● WHAT YOU ARE ASKED TO DO: Your task is to write out the complete listing exactly as it is shown.

● SUPPLIED RECORDS:
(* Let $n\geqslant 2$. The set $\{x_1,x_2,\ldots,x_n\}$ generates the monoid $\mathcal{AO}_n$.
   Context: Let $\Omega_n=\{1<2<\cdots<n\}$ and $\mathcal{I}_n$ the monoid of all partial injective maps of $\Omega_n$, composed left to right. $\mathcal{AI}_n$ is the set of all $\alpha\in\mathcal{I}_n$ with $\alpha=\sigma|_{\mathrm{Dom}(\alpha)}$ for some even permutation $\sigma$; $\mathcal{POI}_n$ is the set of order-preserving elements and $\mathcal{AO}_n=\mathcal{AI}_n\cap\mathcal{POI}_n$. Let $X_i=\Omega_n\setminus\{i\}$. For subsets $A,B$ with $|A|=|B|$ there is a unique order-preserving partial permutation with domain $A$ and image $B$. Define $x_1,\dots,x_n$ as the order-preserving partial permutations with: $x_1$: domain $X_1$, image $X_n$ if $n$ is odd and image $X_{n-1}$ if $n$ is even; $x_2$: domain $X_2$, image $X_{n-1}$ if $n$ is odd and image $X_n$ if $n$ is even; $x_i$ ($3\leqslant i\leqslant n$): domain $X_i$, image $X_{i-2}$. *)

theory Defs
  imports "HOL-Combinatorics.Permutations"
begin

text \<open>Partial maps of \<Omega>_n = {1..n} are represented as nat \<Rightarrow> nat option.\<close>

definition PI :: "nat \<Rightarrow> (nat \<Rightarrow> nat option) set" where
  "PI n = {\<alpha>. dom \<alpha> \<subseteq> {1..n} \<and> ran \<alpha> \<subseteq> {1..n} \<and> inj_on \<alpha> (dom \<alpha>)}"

● TASK RESPONSE:
(* Let $n\geqslant 2$. The set $\{x_1,x_2,\ldots,x_n\}$ generates the monoid $\mathcal{AO}_n$.
   Context: Let $\Omega_n=\{1<2<\cdots<n\}$ and $\mathcal{I}_n$ the monoid of all partial injective maps of $\Omega_n$, composed left to right. $\mathcal{AI}_n$ is the set of all $\alpha\in\mathcal{I}_n$ with $\alpha=\sigma|_{\mathrm{Dom}(\alpha)}$ for some even permutation $\sigma$; $\mathcal{POI}_n$ is the set of order-preserving elements and $\mathcal{AO}_n=\mathcal{AI}_n\cap\mathcal{POI}_n$. Let $X_i=\Omega_n\setminus\{i\}$. For subsets $A,B$ with $|A|=|B|$ there is a unique order-preserving partial permutation with domain $A$ and image $B$. Define $x_1,\dots,x_n$ as the order-preserving partial permutations with: $x_1$: domain $X_1$, image $X_n$ if $n$ is odd and image $X_{n-1}$ if $n$ is even; $x_2$: domain $X_2$, image $X_{n-1}$ if $n$ is odd and image $X_n$ if $n$ is even; $x_i$ ($3\leqslant i\leqslant n$): domain $X_i$, image $X_{i-2}$. *)

theory Defs
  imports "HOL-Combinatorics.Permutations"
begin

text \<open>Partial maps of \<Omega>_n = {1..n} are represented as nat \<Rightarrow> nat option.\<close>

definition PI :: "nat \<Rightarrow> (nat \<Rightarrow> nat option) set" where
  "PI n = {\<alpha>. dom \<alpha> \<subseteq> {1..n} \<and> ran \<alpha> \<subseteq> {1..n} \<and> inj_on \<alpha> (dom \<alpha>)}"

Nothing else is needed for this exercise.